*** Opening Records ***

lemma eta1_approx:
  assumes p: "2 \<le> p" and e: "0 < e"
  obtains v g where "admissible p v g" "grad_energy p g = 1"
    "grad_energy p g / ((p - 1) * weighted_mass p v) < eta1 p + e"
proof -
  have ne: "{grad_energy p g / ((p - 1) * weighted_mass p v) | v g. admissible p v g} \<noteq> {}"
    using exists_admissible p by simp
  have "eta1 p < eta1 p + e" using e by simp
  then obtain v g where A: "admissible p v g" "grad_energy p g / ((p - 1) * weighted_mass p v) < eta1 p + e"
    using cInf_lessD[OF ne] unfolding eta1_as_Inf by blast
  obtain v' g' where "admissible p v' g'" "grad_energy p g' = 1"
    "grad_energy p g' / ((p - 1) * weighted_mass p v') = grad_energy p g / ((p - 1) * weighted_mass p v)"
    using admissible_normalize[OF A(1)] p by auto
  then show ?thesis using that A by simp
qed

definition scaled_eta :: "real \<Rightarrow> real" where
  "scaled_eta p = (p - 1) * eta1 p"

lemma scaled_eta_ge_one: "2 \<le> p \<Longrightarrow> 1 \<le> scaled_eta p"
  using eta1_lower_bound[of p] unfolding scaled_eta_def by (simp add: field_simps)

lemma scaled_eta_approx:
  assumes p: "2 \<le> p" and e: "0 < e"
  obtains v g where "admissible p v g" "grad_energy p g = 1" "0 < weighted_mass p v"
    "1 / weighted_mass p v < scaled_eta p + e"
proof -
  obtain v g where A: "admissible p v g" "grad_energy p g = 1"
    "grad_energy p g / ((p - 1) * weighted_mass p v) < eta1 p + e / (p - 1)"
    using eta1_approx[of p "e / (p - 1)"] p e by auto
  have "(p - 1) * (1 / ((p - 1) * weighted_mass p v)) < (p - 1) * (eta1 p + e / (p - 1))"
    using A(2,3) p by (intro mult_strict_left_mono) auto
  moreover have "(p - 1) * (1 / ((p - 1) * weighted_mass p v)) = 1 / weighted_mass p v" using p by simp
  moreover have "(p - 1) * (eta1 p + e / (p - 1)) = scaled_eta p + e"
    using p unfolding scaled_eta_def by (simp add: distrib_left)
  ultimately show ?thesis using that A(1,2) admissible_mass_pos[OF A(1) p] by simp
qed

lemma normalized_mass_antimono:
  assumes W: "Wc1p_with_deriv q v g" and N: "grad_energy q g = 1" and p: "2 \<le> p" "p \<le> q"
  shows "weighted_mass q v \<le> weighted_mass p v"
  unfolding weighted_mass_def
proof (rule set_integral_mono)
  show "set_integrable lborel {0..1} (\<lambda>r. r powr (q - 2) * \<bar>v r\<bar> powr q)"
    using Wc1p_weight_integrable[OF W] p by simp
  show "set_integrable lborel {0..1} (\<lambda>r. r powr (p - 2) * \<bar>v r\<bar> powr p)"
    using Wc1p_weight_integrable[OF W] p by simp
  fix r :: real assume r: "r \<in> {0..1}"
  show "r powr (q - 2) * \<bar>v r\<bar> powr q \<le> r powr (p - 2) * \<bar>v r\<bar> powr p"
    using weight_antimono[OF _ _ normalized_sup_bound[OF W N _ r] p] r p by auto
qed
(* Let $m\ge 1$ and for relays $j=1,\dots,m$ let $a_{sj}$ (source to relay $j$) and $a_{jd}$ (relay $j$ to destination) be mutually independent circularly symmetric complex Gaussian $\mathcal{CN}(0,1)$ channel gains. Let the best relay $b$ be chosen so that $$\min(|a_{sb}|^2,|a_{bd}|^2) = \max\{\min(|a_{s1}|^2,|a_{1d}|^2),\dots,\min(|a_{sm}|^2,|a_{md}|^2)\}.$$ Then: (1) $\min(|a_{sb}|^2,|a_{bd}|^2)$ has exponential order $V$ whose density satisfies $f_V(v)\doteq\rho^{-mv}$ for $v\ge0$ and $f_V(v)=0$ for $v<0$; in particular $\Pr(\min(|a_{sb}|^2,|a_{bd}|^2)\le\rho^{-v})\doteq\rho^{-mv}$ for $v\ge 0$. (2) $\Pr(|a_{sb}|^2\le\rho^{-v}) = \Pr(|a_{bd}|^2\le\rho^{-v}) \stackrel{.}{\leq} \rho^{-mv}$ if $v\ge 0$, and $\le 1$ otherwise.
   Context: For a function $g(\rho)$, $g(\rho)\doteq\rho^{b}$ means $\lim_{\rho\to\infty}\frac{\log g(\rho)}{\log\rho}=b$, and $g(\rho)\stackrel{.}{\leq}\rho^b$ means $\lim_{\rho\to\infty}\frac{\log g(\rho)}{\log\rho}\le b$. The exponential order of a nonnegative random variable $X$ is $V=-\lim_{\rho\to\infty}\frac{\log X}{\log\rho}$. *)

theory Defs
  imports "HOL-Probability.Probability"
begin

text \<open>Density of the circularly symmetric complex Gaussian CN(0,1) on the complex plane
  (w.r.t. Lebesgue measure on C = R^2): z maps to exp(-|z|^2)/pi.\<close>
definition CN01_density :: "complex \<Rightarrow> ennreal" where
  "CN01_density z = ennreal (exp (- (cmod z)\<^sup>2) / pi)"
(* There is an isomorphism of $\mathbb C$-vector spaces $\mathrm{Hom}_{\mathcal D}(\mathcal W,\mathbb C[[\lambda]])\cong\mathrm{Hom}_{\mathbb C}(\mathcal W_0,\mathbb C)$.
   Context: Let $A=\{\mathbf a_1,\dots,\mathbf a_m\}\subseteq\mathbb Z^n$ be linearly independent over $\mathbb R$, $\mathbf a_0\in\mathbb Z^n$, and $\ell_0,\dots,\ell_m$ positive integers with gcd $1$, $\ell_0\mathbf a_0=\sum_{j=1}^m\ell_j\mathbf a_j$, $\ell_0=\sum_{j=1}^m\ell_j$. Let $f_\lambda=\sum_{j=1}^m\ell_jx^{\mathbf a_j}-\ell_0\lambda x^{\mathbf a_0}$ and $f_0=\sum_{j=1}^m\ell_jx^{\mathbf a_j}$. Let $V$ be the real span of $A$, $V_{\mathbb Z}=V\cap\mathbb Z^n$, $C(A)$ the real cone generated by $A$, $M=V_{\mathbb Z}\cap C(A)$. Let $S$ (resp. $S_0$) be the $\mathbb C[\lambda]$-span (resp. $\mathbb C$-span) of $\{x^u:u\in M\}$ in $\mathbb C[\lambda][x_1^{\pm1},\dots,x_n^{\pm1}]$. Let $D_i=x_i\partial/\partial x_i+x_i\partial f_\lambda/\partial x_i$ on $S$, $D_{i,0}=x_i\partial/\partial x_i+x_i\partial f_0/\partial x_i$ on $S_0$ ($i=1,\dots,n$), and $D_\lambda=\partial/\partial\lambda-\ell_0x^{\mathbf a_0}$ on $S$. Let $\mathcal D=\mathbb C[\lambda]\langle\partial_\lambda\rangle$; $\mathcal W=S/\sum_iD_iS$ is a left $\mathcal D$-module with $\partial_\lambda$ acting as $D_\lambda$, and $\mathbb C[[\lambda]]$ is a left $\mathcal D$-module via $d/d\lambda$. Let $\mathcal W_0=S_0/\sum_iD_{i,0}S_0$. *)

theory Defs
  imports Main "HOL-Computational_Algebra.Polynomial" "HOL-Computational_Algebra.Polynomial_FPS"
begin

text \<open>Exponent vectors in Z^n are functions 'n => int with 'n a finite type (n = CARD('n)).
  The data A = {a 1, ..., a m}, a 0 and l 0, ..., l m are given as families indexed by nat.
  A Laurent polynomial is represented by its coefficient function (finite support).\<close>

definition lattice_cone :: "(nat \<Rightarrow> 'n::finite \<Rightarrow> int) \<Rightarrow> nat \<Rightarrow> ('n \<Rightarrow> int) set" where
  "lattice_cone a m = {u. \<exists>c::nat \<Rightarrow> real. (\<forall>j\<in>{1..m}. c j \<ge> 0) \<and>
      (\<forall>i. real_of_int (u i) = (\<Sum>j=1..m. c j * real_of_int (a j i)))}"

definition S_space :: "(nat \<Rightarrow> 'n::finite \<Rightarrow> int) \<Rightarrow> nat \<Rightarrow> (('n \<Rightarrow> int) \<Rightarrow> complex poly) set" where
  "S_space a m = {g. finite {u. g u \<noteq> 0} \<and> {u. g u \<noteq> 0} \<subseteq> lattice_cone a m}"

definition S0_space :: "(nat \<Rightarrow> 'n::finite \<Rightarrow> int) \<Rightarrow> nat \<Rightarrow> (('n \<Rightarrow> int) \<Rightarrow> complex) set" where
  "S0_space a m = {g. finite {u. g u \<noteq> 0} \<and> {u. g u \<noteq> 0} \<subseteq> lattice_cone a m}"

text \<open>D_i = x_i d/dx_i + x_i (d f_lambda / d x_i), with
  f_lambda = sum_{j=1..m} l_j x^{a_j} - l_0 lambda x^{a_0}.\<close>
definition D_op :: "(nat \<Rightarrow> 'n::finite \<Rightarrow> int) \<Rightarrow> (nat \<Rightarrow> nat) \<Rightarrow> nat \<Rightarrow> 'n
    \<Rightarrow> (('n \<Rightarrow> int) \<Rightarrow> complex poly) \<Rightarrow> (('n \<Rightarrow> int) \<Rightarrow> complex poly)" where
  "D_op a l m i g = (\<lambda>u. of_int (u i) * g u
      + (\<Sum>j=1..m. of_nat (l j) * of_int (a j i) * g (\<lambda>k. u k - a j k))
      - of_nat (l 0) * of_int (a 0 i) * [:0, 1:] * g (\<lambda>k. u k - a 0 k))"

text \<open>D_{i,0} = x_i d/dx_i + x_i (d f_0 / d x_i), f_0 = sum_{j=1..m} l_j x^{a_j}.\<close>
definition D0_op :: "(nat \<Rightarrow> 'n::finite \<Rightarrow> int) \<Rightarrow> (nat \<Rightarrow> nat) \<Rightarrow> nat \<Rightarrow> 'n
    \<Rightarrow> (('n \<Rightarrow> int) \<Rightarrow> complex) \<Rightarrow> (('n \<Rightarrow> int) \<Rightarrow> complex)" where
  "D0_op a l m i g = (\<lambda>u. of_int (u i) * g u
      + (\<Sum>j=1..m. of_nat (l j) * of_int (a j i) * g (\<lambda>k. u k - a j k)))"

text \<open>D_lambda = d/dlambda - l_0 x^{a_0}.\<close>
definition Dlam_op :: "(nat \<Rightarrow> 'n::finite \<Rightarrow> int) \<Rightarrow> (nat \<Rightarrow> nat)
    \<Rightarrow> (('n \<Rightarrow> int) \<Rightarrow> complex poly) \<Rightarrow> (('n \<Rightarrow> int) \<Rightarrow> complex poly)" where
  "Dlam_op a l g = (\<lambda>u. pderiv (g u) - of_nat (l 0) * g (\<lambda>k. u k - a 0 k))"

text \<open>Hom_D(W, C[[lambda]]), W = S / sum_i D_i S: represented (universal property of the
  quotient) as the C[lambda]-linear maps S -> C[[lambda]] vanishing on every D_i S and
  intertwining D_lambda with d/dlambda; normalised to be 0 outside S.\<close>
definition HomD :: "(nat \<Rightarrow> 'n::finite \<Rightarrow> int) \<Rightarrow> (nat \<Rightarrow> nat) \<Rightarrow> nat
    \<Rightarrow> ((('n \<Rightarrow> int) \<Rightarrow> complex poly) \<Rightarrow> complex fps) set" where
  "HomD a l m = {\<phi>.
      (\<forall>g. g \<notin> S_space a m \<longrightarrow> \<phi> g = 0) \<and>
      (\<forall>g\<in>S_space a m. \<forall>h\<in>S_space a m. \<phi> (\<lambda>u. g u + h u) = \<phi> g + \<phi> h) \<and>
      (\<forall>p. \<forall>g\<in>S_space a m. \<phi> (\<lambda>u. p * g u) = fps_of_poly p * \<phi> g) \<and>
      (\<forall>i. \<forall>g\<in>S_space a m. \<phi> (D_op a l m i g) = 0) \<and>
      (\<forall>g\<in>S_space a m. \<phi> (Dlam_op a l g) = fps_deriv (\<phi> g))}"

*** Closing Records ***
*** Opening Records ***

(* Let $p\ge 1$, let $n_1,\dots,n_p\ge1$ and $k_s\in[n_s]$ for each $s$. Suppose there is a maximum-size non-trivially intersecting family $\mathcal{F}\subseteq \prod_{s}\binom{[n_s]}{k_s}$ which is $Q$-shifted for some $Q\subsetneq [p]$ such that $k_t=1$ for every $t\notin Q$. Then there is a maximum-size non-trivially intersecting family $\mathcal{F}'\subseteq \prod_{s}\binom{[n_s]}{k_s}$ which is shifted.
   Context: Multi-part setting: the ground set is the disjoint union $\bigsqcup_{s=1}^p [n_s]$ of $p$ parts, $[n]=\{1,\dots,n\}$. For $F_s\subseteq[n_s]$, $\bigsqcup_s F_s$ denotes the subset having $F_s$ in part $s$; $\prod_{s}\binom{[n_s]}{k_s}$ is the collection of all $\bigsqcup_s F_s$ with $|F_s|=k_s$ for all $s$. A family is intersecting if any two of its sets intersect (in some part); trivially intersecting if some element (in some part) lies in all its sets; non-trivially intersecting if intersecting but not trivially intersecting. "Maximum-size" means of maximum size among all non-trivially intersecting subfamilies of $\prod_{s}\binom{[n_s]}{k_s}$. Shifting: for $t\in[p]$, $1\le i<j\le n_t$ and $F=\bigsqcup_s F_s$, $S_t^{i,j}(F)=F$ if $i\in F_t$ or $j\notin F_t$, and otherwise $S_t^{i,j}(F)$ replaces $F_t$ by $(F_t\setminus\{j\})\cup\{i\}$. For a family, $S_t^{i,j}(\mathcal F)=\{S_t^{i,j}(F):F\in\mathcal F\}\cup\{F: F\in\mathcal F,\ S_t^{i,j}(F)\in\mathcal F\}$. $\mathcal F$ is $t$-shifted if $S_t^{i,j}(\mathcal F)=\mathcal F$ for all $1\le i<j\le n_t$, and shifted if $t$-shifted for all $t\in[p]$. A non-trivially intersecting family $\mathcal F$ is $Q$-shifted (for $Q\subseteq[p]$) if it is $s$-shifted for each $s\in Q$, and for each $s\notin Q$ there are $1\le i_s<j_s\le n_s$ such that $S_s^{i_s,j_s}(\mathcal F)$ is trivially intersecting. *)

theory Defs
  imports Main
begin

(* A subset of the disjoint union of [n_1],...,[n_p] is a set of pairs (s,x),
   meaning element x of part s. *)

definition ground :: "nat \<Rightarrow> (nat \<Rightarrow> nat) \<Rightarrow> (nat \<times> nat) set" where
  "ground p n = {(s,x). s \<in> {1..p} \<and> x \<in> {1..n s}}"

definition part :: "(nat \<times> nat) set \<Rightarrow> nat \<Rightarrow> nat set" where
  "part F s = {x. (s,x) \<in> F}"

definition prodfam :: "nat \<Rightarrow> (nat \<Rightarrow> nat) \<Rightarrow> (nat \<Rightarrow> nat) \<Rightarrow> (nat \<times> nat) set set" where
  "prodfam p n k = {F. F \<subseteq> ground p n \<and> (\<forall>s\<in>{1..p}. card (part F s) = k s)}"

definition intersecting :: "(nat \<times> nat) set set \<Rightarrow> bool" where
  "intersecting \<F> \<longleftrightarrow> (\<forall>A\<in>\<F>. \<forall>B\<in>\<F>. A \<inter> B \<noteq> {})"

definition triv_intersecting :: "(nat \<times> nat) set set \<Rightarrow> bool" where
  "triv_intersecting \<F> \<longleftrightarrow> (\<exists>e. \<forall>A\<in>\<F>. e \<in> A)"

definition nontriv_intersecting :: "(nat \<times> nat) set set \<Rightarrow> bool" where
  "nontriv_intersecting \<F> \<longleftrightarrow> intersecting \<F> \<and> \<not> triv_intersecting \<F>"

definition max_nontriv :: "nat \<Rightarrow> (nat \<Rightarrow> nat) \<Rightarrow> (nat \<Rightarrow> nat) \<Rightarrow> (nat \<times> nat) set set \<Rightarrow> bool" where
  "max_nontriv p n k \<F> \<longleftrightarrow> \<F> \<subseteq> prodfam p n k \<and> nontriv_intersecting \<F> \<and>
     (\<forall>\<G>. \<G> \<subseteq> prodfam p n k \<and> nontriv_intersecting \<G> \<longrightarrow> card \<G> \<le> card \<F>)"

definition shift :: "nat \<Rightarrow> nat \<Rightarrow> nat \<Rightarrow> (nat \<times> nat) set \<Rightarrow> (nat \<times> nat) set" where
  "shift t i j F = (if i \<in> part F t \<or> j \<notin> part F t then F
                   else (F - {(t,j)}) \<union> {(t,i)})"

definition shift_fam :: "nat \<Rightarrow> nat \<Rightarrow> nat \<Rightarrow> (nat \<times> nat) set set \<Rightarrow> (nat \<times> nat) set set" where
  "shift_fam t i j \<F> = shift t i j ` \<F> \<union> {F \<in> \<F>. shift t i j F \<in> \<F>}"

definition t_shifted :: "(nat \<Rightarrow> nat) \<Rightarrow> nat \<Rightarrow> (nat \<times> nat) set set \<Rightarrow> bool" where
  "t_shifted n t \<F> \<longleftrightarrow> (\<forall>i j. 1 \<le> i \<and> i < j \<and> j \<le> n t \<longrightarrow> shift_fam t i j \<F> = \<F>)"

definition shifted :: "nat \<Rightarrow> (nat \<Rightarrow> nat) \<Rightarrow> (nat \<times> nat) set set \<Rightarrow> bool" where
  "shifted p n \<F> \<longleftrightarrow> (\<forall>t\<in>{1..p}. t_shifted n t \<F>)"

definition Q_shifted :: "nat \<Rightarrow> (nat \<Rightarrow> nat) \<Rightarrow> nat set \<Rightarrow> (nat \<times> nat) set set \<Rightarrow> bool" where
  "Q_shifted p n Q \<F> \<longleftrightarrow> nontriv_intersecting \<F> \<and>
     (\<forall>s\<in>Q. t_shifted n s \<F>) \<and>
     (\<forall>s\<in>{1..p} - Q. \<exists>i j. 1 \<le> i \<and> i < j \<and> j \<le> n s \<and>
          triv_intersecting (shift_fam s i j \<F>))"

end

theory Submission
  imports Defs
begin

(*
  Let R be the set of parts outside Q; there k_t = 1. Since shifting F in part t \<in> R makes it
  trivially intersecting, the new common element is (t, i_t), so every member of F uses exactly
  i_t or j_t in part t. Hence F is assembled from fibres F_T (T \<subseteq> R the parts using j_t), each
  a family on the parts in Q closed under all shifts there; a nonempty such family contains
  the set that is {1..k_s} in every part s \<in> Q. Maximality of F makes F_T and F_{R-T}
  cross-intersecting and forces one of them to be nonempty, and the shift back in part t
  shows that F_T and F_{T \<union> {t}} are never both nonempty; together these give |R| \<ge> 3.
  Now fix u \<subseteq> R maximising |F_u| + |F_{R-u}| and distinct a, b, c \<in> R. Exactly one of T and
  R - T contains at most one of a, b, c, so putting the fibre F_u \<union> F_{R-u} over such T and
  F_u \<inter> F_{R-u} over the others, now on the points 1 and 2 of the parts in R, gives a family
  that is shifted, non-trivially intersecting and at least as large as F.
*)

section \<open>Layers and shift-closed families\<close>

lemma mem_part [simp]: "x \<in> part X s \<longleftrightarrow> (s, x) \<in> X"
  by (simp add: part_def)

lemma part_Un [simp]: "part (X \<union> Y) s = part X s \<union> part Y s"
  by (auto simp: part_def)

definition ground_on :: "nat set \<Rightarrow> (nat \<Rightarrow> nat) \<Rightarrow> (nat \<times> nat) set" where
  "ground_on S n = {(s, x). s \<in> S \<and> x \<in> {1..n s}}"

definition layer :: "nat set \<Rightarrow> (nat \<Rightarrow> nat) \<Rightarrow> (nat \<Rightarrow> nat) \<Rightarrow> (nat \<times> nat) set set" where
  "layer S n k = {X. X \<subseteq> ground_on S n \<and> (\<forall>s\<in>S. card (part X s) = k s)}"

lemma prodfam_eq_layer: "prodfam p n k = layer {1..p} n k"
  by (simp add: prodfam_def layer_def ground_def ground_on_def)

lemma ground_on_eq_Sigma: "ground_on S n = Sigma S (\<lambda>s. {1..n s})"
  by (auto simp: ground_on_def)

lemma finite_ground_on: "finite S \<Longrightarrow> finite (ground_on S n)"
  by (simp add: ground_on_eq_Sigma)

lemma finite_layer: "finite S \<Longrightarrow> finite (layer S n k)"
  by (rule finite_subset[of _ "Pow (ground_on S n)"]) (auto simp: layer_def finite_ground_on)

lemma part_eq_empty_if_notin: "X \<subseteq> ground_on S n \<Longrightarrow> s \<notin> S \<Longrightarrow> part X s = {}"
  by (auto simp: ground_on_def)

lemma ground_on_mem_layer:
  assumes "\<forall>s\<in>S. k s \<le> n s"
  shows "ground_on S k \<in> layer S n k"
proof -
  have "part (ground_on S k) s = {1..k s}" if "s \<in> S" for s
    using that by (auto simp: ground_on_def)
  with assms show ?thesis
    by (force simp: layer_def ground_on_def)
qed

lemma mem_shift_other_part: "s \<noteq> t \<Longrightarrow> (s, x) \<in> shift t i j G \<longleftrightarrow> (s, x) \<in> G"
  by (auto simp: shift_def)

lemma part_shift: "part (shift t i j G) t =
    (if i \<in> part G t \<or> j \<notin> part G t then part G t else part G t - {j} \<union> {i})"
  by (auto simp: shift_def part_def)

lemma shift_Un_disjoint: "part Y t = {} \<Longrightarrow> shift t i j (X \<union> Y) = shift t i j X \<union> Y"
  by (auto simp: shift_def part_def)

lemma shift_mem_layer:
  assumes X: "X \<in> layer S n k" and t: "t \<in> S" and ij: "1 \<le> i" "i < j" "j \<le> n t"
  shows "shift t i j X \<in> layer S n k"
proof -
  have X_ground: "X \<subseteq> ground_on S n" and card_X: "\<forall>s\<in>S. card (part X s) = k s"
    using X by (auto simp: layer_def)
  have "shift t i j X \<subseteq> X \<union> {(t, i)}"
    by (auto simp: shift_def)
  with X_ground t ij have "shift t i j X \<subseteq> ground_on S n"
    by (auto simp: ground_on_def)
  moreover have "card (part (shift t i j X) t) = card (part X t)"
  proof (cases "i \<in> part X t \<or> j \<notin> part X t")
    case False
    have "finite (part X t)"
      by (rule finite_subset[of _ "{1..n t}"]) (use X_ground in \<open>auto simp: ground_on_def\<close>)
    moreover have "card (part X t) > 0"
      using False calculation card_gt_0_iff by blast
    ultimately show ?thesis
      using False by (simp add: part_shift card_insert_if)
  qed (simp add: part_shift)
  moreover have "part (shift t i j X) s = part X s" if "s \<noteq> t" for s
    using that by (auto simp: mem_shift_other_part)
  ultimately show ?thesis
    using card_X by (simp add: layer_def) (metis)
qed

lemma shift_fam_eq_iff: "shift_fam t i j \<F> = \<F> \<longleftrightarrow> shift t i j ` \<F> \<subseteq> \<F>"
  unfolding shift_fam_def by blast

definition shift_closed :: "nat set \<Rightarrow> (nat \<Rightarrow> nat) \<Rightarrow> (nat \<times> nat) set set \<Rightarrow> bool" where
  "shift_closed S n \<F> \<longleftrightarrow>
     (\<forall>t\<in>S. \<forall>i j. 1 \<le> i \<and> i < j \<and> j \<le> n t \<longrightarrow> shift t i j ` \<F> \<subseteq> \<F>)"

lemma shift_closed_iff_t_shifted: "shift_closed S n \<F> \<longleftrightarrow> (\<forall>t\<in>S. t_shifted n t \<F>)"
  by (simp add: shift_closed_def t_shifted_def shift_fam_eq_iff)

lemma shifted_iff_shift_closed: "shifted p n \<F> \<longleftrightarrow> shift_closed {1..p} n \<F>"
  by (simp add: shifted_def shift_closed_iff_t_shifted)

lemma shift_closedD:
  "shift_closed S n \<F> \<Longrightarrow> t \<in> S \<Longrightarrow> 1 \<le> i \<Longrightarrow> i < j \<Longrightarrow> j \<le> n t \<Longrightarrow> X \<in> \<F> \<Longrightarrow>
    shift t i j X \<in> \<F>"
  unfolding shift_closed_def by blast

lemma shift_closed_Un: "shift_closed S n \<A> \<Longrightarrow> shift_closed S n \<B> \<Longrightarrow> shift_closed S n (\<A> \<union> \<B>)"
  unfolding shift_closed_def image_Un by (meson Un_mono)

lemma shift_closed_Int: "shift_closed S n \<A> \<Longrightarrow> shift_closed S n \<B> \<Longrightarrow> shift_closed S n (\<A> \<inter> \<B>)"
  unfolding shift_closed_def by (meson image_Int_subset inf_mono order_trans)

*** Closing Records ***

• _Directions for this task_
Word for word, restate the lines above from the line containing "d x_i), f_0" through the line containing "text \<open>Hom_D(W, C[[lambda]]), W", with both included and nothing else.

• _Response_
text \<open>D_{i,0} = x_i d/dx_i + x_i (d f_0 / d x_i), f_0 = sum_{j=1..m} l_j x^{a_j}.\<close>
definition D0_op :: "(nat \<Rightarrow> 'n::finite \<Rightarrow> int) \<Rightarrow> (nat \<Rightarrow> nat) \<Rightarrow> nat \<Rightarrow> 'n
    \<Rightarrow> (('n \<Rightarrow> int) \<Rightarrow> complex) \<Rightarrow> (('n \<Rightarrow> int) \<Rightarrow> complex)" where
  "D0_op a l m i g = (\<lambda>u. of_int (u i) * g u
      + (\<Sum>j=1..m. of_nat (l j) * of_int (a j i) * g (\<lambda>k. u k - a j k)))"

text \<open>D_lambda = d/dlambda - l_0 x^{a_0}.\<close>
definition Dlam_op :: "(nat \<Rightarrow> 'n::finite \<Rightarrow> int) \<Rightarrow> (nat \<Rightarrow> nat)
    \<Rightarrow> (('n \<Rightarrow> int) \<Rightarrow> complex poly) \<Rightarrow> (('n \<Rightarrow> int) \<Rightarrow> complex poly)" where
  "Dlam_op a l g = (\<lambda>u. pderiv (g u) - of_nat (l 0) * g (\<lambda>k. u k - a 0 k))"

text \<open>Hom_D(W, C[[lambda]]), W = S / sum_i D_i S: represented (universal property of the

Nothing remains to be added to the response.